And what is their mood with respect to just interactions with them when you run into them? Well, it's pretty good, actually. As long as they know it's off the record or on background where we would cite a source but not use a name, everything goes along smoothly.

I talked to a young man from the National Security Council yesterday, and this is a day after I reported that Robert O'Brien, the president's national security advisor, just back from a bout with COVID-19, essentially ended what I call the Bolton Doctrine on Libya and

positioned the United States back to being a peacemaker in Libya. We had a very nice talk about this on the street. He did not seem worried or unguarded, or guarded, I should say. And that's usually the attitude with most of the staffers. You can run into them quite easily and have a talk, as long as they know it's off the record, they're volunteering information freely, and they're upbeat.

So that's one of the things I think that people who aren't in Washington often find a little bit odd, this whole on record, off record thing.
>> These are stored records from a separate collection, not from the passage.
(* Indices of the output family:
   IZ0 i   : i-th Gaussian in chi^(0)
   IZh n i : i-th Gaussian in hat chi^(n)
   IZ n i  : i-th Gaussian in chi^(n+1)
   IU0     : upsilon_0
   IEta n  : normalised ensemble observation-noise mean (hat upsilon_n = - g_n D eta_n)
   IU n    : upsilon_(n+1) *)
datatype zidx = IZ0 nat | IZh nat nat | IZ nat nat | IU0 | IEta nat | IU nat

definition smean :: "nat \<Rightarrow> (nat \<Rightarrow> real) \<Rightarrow> real" where
  "smean N x = (\<Sum>i<Suc N. x i) / real (Suc N)"

definition svar :: "nat \<Rightarrow> (nat \<Rightarrow> real) \<Rightarrow> real" where
  "svar N x = (\<Sum>i<Suc N. (x i - smean N x)^2) / real N"

definition gain :: "real \<Rightarrow> real \<Rightarrow> real \<Rightarrow> real" where
  "gain C D p = C * p / (C^2 * p + D^2)"

definition enkf_update :: "nat \<Rightarrow> real \<Rightarrow> real \<Rightarrow> real \<Rightarrow> (nat \<Rightarrow> real) \<Rightarrow> (nat \<Rightarrow> real) \<Rightarrow> nat \<Rightarrow> real" where
  "enkf_update N C D y v x = (\<lambda>i. x i + gain C D (svar N x) * (y - C * x i - D * v i))"

fun model_X :: "real \<Rightarrow> real \<Rightarrow> ('a \<Rightarrow> real) \<Rightarrow> (nat \<Rightarrow> 'a \<Rightarrow> real) \<Rightarrow> nat \<Rightarrow> 'a \<Rightarrow> real" where
  "model_X A B X0 W 0 \<omega> = X0 \<omega>"
| "model_X A B X0 W (Suc n) \<omega> = A * model_X A B X0 W n \<omega> + B * W (Suc n) \<omega>"

definition model_Y :: "real \<Rightarrow> real \<Rightarrow> real \<Rightarrow> real \<Rightarrow> ('a \<Rightarrow> real) \<Rightarrow> (nat \<Rightarrow> 'a \<Rightarrow> real)
    \<Rightarrow> (nat \<Rightarrow> 'a \<Rightarrow> real) \<Rightarrow> nat \<Rightarrow> 'a \<Rightarrow> real" where
  "model_Y A B C D X0 W V n \<omega> = C * model_X A B X0 W n \<omega> + D * V n \<omega>"

fun enkf_xi :: "nat \<Rightarrow> real \<Rightarrow> real \<Rightarrow> real \<Rightarrow> real \<Rightarrow> (nat \<Rightarrow> real) \<Rightarrow> (nat \<Rightarrow> real)
    \<Rightarrow> (nat \<Rightarrow> nat \<Rightarrow> real) \<Rightarrow> (nat \<Rightarrow> nat \<Rightarrow> real) \<Rightarrow> nat \<Rightarrow> nat \<Rightarrow> real" where
  "enkf_xi N A B C D xi0 Y EV EW 0 = xi0"
| "enkf_xi N A B C D xi0 Y EV EW (Suc n) =
     (\<lambda>i. A * enkf_update N C D (Y n) (EV n) (enkf_xi N A B C D xi0 Y EV EW n) i + B * EW (Suc n) i)"


definition ens_xi where
  "ens_xi N A B C D X0 V W xi0 EV EW n \<omega> =
     enkf_xi N A B C D (\<lambda>i. xi0 i \<omega>) (\<lambda>k. model_Y A B C D X0 W V k \<omega>)
       (\<lambda>k i. EV k i \<omega>) (\<lambda>k i. EW k i \<omega>) n"

definition ens_xih where
  "ens_xih N A B C D X0 V W xi0 EV EW n \<omega> =
     enkf_update N C D (model_Y A B C D X0 W V n \<omega>) (\<lambda>i. EV n i \<omega>)
       (ens_xi N A B C D X0 V W xi0 EV EW n \<omega>)"

definition ens_m where "ens_m N A B C D X0 V W xi0 EV EW n \<omega> = smean N (ens_xi N A B C D X0 V W xi0 EV EW n \<omega>)"
definition ens_mh where "ens_mh N A B C D X0 V W xi0 EV EW n \<omega> = smean N (ens_xih N A B C D X0 V W xi0 EV EW n \<omega>)"
definition ens_p where "ens_p N A B C D X0 V W xi0 EV EW n \<omega> = svar N (ens_xi N A B C D X0 V W xi0 EV EW n \<omega>)"
definition ens_ph where "ens_ph N A B C D X0 V W xi0 EV EW n \<omega> = svar N (ens_xih N A B C D X0 V W xi0 EV EW n \<omega>)"
definition ens_g where "ens_g N A B C D X0 V W xi0 EV EW n \<omega> = gain C D (ens_p N A B C D X0 V W xi0 EV EW n \<omega>)"
theorem lemma3:
  fixes d k :: nat and f :: "(nat \<Rightarrow> real) \<Rightarrow> real"
  assumes "d \<ge> 2" and "k \<ge> 1"
    and const: "\<forall>l :: nat \<Rightarrow> nat. (\<forall>p\<in>{1..d}. l p < 2 ^ k) \<longrightarrow>
       (\<exists>c. \<forall>x\<in>unit_cube d. (\<forall>p\<in>{1..d}. x p \<in> dyad_int k (l p)) \<longrightarrow> f x = c)"
  shows "inj_on (Phi d) (unit_cube d) \<and>
    (\<forall>u\<in>Phi d ` unit_cube d. \<forall>v\<in>Phi d ` unit_cube d.
       \<bar>f (the_inv_into (unit_cube d) (Phi d) u) - f (the_inv_into (unit_cube d) (Phi d) v)\<bar>
         \<le> 2 * sup_norm d f * 3 ^ (k * d) * \<bar>u - v\<bar>)"
proof -
  have d: "d > 0" using assms(1) by simp
  have step: "dyadic_step_function d k f"
    using const unfolding dyadic_step_function_def .
  have inj: "inj_on (Phi d) (unit_cube d)"
    using inj_on_Phi[OF d] .
  show ?thesis
  proof (intro conjI inj ballI)
    fix u v
    assume "u \<in> Phi d ` unit_cube d" "v \<in> Phi d ` unit_cube d"
    then obtain x y where x: "x \<in> unit_cube d" "u = Phi d x" and y: "y \<in> unit_cube d" "v = Phi d y"
      by blast
    then show "\<bar>f (the_inv_into (unit_cube d) (Phi d) u) - f (the_inv_into (unit_cube d) (Phi d) v)\<bar>
        \<le> 2 * sup_norm d f * 3 ^ (k * d) * \<bar>u - v\<bar>"
      using dyadic_step_function_lipschitz_Phi[OF d step x(1) y(1)]
        the_inv_into_f_f[OF inj x(1)] the_inv_into_f_f[OF inj y(1)] by simp
  qed
qed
Can you explain to my listeners how that works and why it's important to reporters to be able to get things that people will say not for attribution, but rather to provide information? Well, these are...

around a lot longer than I've been around, and they'll be there after I'm gone, Henry. In fact, going back to Franklin Roosevelt's administration, when the current structure of press secretary briefings at all was created, we've always had a rule that if something is off the record, that means you don't attribute to anyone. You can write it, but it's never attributed.

On background is usually a senior administration official. Let me give you an example. Recently, I wrote a column.

with quotes from people in different levels, in and out of the administration, totally disparaging the claim of National Security Advisor John Bolton that Mike Pompeo belittled some of the president's initiatives, notably his outreach to the North Korean strongman, Kim Jong-un.

Pompeo denied this, and one person who was very high level in the administration said John Bolton had his own press secretary. He had his own plane because he had his own foreign policy and wanted to be secretary of state.

Strong medicine, all right. And I was allowed to use it as long as I wouldn't reveal the name of the person who still works in the administration. That's called on background. The point is, there's a lot of people in official Washington.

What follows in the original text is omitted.